Stored data entries
+ + + +

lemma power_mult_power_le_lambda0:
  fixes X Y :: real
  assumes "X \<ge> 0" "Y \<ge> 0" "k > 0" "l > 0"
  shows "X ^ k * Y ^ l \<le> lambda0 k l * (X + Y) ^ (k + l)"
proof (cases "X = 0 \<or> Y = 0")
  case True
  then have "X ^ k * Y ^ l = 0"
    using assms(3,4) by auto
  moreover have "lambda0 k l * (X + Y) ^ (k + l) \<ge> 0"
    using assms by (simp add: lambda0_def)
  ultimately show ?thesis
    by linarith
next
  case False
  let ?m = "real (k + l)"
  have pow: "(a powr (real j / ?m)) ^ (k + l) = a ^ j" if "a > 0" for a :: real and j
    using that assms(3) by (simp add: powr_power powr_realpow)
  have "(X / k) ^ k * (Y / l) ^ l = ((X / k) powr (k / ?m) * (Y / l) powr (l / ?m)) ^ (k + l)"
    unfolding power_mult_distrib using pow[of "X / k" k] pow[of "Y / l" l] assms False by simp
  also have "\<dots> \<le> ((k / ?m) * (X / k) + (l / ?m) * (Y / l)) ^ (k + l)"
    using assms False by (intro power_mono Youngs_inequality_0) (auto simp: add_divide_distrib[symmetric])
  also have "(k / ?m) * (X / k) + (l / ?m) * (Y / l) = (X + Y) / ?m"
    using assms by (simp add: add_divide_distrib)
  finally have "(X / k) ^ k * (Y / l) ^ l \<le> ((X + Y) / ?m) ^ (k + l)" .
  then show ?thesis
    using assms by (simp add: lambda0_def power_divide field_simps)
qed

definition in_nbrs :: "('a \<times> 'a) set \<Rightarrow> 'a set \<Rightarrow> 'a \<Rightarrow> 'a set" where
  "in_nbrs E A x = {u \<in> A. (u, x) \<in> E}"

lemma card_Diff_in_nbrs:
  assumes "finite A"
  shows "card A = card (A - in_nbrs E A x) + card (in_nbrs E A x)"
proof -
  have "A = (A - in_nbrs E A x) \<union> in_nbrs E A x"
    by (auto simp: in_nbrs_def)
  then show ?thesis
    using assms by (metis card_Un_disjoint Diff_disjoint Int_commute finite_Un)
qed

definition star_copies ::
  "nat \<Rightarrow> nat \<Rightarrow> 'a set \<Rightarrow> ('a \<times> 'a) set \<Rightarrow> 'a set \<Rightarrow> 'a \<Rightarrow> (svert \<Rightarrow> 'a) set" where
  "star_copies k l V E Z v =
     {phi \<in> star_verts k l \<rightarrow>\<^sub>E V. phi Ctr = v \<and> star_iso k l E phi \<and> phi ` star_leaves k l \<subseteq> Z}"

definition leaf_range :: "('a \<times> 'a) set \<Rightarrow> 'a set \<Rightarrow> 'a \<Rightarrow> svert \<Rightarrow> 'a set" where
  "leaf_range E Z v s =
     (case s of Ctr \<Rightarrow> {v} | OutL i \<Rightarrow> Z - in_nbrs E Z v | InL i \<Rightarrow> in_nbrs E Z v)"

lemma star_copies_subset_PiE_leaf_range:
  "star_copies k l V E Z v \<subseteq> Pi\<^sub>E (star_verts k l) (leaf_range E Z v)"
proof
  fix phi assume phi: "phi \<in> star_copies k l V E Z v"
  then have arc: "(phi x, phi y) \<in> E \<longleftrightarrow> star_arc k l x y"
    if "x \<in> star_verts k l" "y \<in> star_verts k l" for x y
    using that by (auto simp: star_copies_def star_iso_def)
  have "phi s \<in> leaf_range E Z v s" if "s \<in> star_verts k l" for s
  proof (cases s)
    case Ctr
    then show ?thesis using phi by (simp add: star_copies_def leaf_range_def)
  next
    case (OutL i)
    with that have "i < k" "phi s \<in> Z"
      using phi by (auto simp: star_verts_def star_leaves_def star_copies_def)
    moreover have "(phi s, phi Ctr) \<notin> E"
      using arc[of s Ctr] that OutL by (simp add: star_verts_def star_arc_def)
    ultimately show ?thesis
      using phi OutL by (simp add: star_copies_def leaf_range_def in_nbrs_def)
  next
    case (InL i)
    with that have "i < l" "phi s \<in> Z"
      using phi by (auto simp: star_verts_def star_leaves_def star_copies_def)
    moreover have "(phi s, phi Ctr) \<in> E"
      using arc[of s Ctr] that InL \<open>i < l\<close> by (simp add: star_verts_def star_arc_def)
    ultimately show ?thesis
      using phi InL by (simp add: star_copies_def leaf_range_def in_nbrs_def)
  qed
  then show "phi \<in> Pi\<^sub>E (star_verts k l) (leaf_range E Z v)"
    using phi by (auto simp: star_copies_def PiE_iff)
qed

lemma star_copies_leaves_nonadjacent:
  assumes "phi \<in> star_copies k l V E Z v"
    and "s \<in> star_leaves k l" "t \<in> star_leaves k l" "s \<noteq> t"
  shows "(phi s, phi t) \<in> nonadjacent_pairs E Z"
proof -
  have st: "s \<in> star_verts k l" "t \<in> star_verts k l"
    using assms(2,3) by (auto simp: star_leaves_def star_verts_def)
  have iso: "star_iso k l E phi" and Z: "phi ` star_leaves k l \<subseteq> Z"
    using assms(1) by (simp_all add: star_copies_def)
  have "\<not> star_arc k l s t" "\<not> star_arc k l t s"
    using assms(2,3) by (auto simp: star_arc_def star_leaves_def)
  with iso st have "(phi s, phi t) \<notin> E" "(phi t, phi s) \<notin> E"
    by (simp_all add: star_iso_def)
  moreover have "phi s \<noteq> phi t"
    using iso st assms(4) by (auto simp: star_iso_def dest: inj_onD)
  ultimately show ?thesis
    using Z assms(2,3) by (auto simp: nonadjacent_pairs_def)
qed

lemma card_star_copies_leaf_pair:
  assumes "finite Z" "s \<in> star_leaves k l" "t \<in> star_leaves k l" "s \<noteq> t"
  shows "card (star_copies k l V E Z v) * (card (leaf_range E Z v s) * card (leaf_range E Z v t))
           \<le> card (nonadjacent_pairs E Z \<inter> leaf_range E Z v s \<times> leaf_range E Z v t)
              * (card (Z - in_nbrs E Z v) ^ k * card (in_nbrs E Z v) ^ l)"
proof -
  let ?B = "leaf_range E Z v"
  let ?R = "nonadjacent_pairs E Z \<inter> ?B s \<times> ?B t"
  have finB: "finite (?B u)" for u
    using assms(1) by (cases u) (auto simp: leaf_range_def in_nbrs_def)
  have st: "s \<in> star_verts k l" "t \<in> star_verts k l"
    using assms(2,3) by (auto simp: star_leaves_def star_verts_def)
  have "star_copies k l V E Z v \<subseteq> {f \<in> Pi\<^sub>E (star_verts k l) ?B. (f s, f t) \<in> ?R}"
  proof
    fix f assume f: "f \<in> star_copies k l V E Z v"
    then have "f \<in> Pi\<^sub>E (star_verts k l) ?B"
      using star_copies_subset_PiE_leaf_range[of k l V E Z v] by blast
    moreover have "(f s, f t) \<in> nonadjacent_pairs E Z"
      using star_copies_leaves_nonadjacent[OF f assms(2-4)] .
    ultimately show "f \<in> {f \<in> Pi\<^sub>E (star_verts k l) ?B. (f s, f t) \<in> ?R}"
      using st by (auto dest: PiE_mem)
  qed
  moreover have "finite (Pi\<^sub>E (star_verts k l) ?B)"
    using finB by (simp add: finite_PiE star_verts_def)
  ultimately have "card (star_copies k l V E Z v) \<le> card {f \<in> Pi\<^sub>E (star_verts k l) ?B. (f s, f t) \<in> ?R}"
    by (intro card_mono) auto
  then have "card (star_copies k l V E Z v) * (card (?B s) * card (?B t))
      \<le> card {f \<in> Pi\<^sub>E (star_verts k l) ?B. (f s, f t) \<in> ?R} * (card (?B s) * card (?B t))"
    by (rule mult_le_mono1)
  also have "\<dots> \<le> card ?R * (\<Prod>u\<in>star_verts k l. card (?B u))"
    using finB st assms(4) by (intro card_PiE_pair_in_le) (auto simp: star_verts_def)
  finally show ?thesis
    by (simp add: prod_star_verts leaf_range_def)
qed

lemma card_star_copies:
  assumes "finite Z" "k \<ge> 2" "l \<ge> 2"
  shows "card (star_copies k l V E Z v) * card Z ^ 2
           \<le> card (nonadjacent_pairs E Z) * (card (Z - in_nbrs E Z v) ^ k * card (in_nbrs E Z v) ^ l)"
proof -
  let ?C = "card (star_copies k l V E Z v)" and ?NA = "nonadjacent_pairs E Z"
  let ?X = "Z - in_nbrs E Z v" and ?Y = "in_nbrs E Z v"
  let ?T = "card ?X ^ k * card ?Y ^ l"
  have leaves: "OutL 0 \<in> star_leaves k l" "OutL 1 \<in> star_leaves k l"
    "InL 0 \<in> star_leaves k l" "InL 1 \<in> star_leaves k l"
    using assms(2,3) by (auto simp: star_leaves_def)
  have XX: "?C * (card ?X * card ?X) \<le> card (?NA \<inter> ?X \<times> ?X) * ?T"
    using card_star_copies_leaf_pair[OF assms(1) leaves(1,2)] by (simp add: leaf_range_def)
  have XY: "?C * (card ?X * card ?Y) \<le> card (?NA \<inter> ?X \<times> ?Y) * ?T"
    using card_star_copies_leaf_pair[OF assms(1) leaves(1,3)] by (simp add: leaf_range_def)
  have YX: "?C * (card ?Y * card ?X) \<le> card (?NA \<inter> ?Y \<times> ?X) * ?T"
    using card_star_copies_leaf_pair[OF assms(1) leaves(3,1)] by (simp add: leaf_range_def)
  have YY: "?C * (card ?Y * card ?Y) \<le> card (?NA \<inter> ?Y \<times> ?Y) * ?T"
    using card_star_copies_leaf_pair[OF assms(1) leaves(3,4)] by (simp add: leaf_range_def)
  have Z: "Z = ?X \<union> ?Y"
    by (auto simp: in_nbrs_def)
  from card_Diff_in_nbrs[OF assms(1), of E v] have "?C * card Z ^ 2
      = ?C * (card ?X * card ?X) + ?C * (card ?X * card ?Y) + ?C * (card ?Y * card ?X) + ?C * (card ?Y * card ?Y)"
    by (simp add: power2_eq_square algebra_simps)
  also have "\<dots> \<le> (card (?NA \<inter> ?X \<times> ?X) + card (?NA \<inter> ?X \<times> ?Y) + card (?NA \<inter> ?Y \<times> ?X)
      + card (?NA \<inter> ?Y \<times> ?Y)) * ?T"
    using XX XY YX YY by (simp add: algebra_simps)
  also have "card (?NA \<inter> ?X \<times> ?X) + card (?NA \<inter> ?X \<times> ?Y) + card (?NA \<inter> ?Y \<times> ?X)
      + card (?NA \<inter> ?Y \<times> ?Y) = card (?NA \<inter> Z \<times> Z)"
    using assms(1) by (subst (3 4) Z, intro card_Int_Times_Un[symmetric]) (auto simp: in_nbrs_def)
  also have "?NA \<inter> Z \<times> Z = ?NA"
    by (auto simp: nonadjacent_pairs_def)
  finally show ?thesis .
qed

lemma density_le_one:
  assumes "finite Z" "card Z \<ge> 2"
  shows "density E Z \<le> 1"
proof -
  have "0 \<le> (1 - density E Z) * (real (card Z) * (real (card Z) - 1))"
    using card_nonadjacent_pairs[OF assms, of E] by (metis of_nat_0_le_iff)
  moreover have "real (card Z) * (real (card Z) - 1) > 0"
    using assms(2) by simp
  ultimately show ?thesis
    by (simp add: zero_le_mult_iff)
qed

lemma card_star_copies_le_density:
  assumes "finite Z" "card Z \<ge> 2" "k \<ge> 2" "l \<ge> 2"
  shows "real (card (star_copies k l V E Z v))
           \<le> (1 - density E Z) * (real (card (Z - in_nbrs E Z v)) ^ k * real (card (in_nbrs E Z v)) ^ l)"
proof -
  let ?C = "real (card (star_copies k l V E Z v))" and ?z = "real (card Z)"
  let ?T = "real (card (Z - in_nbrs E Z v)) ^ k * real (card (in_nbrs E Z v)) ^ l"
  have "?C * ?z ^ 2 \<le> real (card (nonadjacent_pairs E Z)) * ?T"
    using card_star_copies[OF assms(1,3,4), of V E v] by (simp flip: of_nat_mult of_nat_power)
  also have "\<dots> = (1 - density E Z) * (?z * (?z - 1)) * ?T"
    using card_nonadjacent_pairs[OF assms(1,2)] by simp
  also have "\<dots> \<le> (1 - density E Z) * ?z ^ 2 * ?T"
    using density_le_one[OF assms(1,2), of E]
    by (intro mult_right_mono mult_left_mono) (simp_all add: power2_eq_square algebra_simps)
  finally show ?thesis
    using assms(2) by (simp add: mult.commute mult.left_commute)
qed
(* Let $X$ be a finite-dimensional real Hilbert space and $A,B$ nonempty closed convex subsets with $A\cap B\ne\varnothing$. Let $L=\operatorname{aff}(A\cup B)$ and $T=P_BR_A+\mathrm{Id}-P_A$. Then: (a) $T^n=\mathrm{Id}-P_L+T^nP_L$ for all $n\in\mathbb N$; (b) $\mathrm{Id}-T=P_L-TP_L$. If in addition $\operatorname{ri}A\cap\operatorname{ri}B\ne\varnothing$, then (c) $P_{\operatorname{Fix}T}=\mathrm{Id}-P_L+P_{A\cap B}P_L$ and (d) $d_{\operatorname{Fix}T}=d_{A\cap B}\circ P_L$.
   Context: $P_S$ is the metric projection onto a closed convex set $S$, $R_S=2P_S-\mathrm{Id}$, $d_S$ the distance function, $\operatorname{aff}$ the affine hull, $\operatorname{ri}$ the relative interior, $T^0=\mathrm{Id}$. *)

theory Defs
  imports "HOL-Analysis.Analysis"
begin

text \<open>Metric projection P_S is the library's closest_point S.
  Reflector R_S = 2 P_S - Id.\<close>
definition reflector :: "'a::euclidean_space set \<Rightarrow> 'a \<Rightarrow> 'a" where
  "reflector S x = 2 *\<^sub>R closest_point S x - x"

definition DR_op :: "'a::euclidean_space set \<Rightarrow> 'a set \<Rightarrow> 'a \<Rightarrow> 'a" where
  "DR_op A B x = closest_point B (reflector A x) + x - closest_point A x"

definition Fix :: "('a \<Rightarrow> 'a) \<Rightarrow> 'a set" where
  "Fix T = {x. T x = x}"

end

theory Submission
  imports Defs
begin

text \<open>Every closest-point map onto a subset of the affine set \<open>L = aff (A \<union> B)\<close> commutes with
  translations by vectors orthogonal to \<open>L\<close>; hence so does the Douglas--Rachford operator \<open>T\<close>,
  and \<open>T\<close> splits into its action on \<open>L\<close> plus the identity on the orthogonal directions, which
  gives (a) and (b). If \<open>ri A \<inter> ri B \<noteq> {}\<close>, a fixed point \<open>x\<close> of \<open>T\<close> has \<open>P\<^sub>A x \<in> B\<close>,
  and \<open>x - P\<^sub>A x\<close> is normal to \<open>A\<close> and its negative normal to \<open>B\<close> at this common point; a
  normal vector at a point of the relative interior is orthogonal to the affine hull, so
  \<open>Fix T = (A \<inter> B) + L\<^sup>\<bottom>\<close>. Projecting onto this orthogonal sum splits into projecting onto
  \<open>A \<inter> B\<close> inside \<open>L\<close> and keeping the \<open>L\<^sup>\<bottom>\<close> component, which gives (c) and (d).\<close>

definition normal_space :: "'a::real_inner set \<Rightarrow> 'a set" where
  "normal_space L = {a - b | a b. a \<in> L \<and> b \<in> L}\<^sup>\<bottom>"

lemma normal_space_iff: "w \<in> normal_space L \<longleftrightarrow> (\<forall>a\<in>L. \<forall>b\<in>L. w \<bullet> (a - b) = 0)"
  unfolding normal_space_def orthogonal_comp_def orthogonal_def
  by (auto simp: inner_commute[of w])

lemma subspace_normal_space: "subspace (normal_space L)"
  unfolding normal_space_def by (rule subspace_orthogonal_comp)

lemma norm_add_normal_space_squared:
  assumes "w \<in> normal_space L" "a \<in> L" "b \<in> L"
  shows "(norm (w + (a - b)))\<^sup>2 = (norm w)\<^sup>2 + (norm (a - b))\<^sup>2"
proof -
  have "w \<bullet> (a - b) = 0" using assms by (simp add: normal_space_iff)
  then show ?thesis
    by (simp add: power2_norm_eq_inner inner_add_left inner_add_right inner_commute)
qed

+ + + +

Exercise aim: Start with the line above that contains "imports Defs" and end with the line that contains "and \<open>x - P\<^sub>A". Write out those lines exactly, and only those.

Response:
  imports Defs
begin

text \<open>Every closest-point map onto a subset of the affine set \<open>L = aff (A \<union> B)\<close> commutes with
  translations by vectors orthogonal to \<open>L\<close>; hence so does the Douglas--Rachford operator \<open>T\<close>,
  and \<open>T\<close> splits into its action on \<open>L\<close> plus the identity on the orthogonal directions, which
  gives (a) and (b). If \<open>ri A \<inter> ri B \<noteq> {}\<close>, a fixed point \<open>x\<close> of \<open>T\<close> has \<open>P\<^sub>A x \<in> B\<close>,
  and \<open>x - P\<^sub>A x\<close> is normal to \<open>A\<close> and its negative normal to \<open>B\<close> at this common point; a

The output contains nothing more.